* Instructions to follow
Show every line of the data below that includes the word "dots".

BEGIN Task material

lemma pinv_symmetric:
  assumes fin: "finite S" and sA: "supported_on S A" and sym: "mtranspose A = A"
    and X: "is_pinv S A X"
  shows "pinv S A i j = pinv S A j i"
proof -
  have "pinv S A i j = X i j"
    by (simp only: pinv_eqI[OF fin sA X])
  also have "\<dots> = mtranspose X j i"
    by (simp only: mtranspose_def)
  also have "\<dots> = pinv S A j i"
    by (simp only: pinv_eqI[OF fin sA is_pinv_mtranspose[OF fin sA sym X]])
  finally show ?thesis .
qed

definition mat_of_fun :: "nat \<Rightarrow> (nat \<Rightarrow> nat \<Rightarrow> real) \<Rightarrow> real mat" where
  "mat_of_fun n M = mat n n (\<lambda>(i, j). M (Suc i) (Suc j))"

lemma sum_atLeast1_atMost_shift: "(\<Sum>k\<in>{1..n}. f k) = (\<Sum>k<n. f (Suc k))"
  using sum.atLeast1_atMost_eq[of f n] by simp

lemma matvec_mat_of_fun:
  assumes "i \<in> {1..n}"
  shows "matvec {1..n} M x i = (mat_of_fun n M *\<^sub>v vec n (\<lambda>k. x (Suc k))) $ (i - 1)"
  unfolding matvec_def sum_atLeast1_atMost_shift using assms
  by (auto simp: mat_of_fun_def scalar_prod_def lessThan_atLeast0 intro!: sum.cong)

lemma matmul_mat_of_fun:
  assumes "i \<in> {1..n}" "j \<in> {1..n}"
  shows "matmul {1..n} M N i j = (mat_of_fun n M * mat_of_fun n N) $$ (i - 1, j - 1)"
  unfolding matmul_def sum_atLeast1_atMost_shift using assms
  by (auto simp: mat_of_fun_def scalar_prod_def lessThan_atLeast0 intro!: sum.cong)

lemma is_inverse_exists_if_injective:
  fixes M :: "nat \<Rightarrow> nat \<Rightarrow> real"
  assumes inj: "\<And>x. \<forall>i\<in>{1..n}. matvec {1..n} M x i = 0 \<Longrightarrow> \<forall>i\<in>{1..n}. x i = 0"
  shows "\<exists>N. is_inverse {1..n} M N"
proof -
  let ?A = "mat_of_fun n M"
  have A: "?A \<in> carrier_mat n n" by (simp add: mat_of_fun_def)
  have "det ?A \<noteq> 0"
  proof
    assume "det ?A = 0"
    then obtain v where v: "v \<in> carrier_vec n" "v \<noteq> 0\<^sub>v n" "?A *\<^sub>v v = 0\<^sub>v n"
      using det_0_iff_vec_prod_zero[OF A] by blast
    define x where "x k = v $ (k - 1)" for k
    have "vec n (\<lambda>k. x (Suc k)) = v"
      using v(1) by (auto simp: x_def)
    have "\<forall>i\<in>{1..n}. x i = 0"
    proof (rule inj, rule ballI)
      fix i assume "i \<in> {1..n}"
      then show "matvec {1..n} M x i = 0"
        using matvec_mat_of_fun[of i n M x] v(3) \<open>vec n (\<lambda>k. x (Suc k)) = v\<close> by auto
    qed
    then have "v $ i = 0" if "i < n" for i
      using that by (auto simp: x_def dest: bspec[of _ _ "Suc i"])
    then have "v = 0\<^sub>v n"
      using v(1) by (intro eq_vecI) auto
    with v(2) show False ..
  qed
  then have "?A \<in> Units (ring_mat TYPE(real) n ())"
    by (rule det_non_zero_imp_unit[OF A])
  then obtain B where B: "B \<in> carrier_mat n n" "B * ?A = 1\<^sub>m n" "?A * B = 1\<^sub>m n"
    by (auto simp: Units_def ring_mat_def)
  define N where "N i j = B $$ (i - 1, j - 1)" for i j
  have "mat_of_fun n N = B"
    using B(1) by (auto simp: mat_of_fun_def N_def)
  then have "matmul {1..n} M N i j = of_bool (i = j) \<and> matmul {1..n} N M i j = of_bool (i = j)"
    if "i \<in> {1..n}" "j \<in> {1..n}" for i j
    using matmul_mat_of_fun[OF that, of M N] matmul_mat_of_fun[OF that, of N M] B that by auto
  then have "is_inverse {1..n} M N"
    unfolding is_inverse_def by blast
  then show ?thesis by blast
qed

lemma sum_of_bool_diff_mult:
  fixes c :: real
  assumes "finite S" "i \<in> S"
  shows "(\<Sum>k\<in>S. (of_bool (i = k) - c) * Y k) = Y i - c * (\<Sum>k\<in>S. Y k)"
proof -
  have "(\<Sum>k\<in>S. of_bool (i = k) * Y k) = (\<Sum>k\<in>S. if i = k then Y k else 0)"
    by (rule sum.cong) auto
  also have "\<dots> = Y i"
    using assms by simp
  finally show ?thesis
    by (simp add: left_diff_distrib sum_subtractf sum_distrib_left)
qed

lemma inverse_plus_ones_sums:
  assumes fin: "finite S"
    and rows: "\<forall>i\<in>S. (\<Sum>j\<in>S. A i j) = 0" and cols: "\<forall>j\<in>S. (\<Sum>i\<in>S. A i j) = 0"
    and inv: "is_inverse S (\<lambda>i j. A i j + 1) N"
  shows "i \<in> S \<Longrightarrow> (\<Sum>k\<in>S. N i k) = 1 / real (card S)"
    and "j \<in> S \<Longrightarrow> (\<Sum>k\<in>S. N k j) = 1 / real (card S)"
proof -
  let ?M = "\<lambda>i j. A i j + 1" and ?c = "real (card S)"
  assume i: "i \<in> S"
  have "1 = (\<Sum>j\<in>S. matmul S N ?M i j)"
    using inv i fin by (simp add: is_inverse_def)
  also have "\<dots> = (\<Sum>k\<in>S. N i k * (\<Sum>j\<in>S. ?M k j))"
    unfolding matmul_def sum_distrib_left by (rule sum.swap)
  also have "\<dots> = (\<Sum>k\<in>S. N i k) * ?c"
    using rows by (simp add: sum.distrib sum_distrib_right)
  moreover have "0 < ?c"
    using i fin by (auto simp: card_gt_0_iff)
  ultimately show "(\<Sum>k\<in>S. N i k) = 1 / ?c"
    by (simp add: field_simps)
next
  let ?M = "\<lambda>i j. A i j + 1" and ?c = "real (card S)"
  assume j: "j \<in> S"
  have "1 = (\<Sum>i\<in>S. matmul S ?M N i j)"
    using inv j fin by (simp add: is_inverse_def)
  also have "\<dots> = (\<Sum>k\<in>S. (\<Sum>i\<in>S. ?M i k) * N k j)"
    unfolding matmul_def sum_distrib_right by (rule sum.swap)
  also have "\<dots> = ?c * (\<Sum>k\<in>S. N k j)"
    using cols by (simp add: sum.distrib sum_distrib_left)
  moreover have "0 < ?c"
    using j fin by (auto simp: card_gt_0_iff)
  ultimately show "(\<Sum>k\<in>S. N k j) = 1 / ?c"
    by (simp add: field_simps)
qed

text \<open>If the row and column sums of \<open>A\<close> vanish, then \<open>A + J\<close> (with \<open>J\<close> the all-ones matrix)
  acts as \<open>A\<close> on the vectors of zero sum and as multiplication by \<open>|S|\<close> on the constants;
  hence \<open>(A + J)\<^sup>-\<^sup>1 = A\<^sup>\<dagger> + J / |S|\<^sup>2\<close>.\<close>

lemma is_pinv_of_inverse_plus_ones:
  assumes fin: "finite S" and sA: "supported_on S A"
    and rows: "\<forall>i\<in>S. (\<Sum>j\<in>S. A i j) = 0" and cols: "\<forall>j\<in>S. (\<Sum>i\<in>S. A i j) = 0"
    and inv: "is_inverse S (\<lambda>i j. A i j + 1) N"
  shows "is_pinv S A (\<lambda>i j. if i \<in> S \<and> j \<in> S then N i j - 1 / (real (card S))\<^sup>2 else 0)"
    (is "is_pinv S A ?X")
proof -
  let ?c = "real (card S)"
  note sums = inverse_plus_ones_sums[OF fin rows cols inv]
  have AX: "matmul S A ?X i j = of_bool (i = j) - 1 / ?c" if ij: "i \<in> S" "j \<in> S" for i j
  proof -
    have "matmul S A ?X i j = (\<Sum>k\<in>S. (A i k + 1) * N k j) - (\<Sum>k\<in>S. N k j)"
      using ij rows by (simp add: matmul_def distrib_right right_diff_distrib sum.distrib
          sum_subtractf flip: sum_divide_distrib)
    then show ?thesis using inv sums(2) ij by (simp add: is_inverse_def matmul_def)
  qed
  have XA: "matmul S ?X A i j = of_bool (i = j) - 1 / ?c" if ij: "i \<in> S" "j \<in> S" for i j
  proof -
    have "matmul S ?X A i j = (\<Sum>k\<in>S. N i k * (A k j + 1)) - (\<Sum>k\<in>S. N i k)"
      using ij cols by (simp add: matmul_def distrib_left left_diff_distrib sum.distrib
          sum_subtractf flip: sum_divide_distrib)
    then show ?thesis using inv sums(1) ij by (simp add: is_inverse_def matmul_def)
  qed
  have col_X: "(\<Sum>k\<in>S. ?X k j) = 0" if "j \<in> S" for j
    using that sums(2)[OF that] fin by (simp add: sum_subtractf power2_eq_square)
  have "matmul S (matmul S A ?X) A i j = A i j" if ij: "i \<in> S" "j \<in> S" for i j
    using ij fin cols by (simp add: matmul_def[of S "matmul S A ?X"] AX sum_of_bool_diff_mult)
  moreover have "matmul S (matmul S ?X A) ?X i j = ?X i j" if ij: "i \<in> S" "j \<in> S" for i j
    using ij fin col_X by (simp add: matmul_def[of S "matmul S ?X A"] XA sum_of_bool_diff_mult)
  ultimately show ?thesis
    unfolding is_pinv_def by (auto simp: AX XA)
qed

section \<open>The Laplacian of a connected graph and its pseudoinverse\<close>

lemma sum_unitdiff:
  assumes "finite S" "i \<in> S" "j \<in> S"
  shows "(\<Sum>v\<in>S. unitdiff i j v * x v) = x i - x j"
proof -
  have "unitdiff i j v * x v = (if v = i then x i else 0) - (if v = j then x j else 0)" for v
    by (simp add: unitdiff_def)
  then show ?thesis using assms by (simp add: sum_subtractf)
qed

lemma oriented_graph_finite: "oriented_graph n E \<Longrightarrow> finite E"
  by (simp add: oriented_graph_def)

lemma oriented_graph_edgeD:
  "oriented_graph n E \<Longrightarrow> e \<in> E \<Longrightarrow> fst e \<in> verts n \<and> snd e \<in> verts n \<and> fst e \<noteq> snd e"
  by (auto simp: oriented_graph_def)

lemma card_edges_le: "oriented_graph n E \<Longrightarrow> card E \<le> n\<^sup>2"
proof -
  assume "oriented_graph n E"
  then have "E \<subseteq> verts n \<times> verts n" by (auto simp: oriented_graph_def)
  then have "card E \<le> card (verts n \<times> verts n)" by (intro card_mono) (auto simp: verts_def)
  then show ?thesis by (simp add: verts_def card_cartesian_product power2_eq_square)
qed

END Task material

* Task answer
  also have "\<dots> = mtranspose X j i"
  also have "\<dots> = pinv S A j i"
  also have "\<dots> = Y i"
  also have "\<dots> = (\<Sum>k\<in>S. N i k * (\<Sum>j\<in>S. ?M k j))"
  also have "\<dots> = (\<Sum>k\<in>S. N i k) * ?c"
  also have "\<dots> = (\<Sum>k\<in>S. (\<Sum>i\<in>S. ?M i k) * N k j)"
  also have "\<dots> = ?c * (\<Sum>k\<in>S. N k j)"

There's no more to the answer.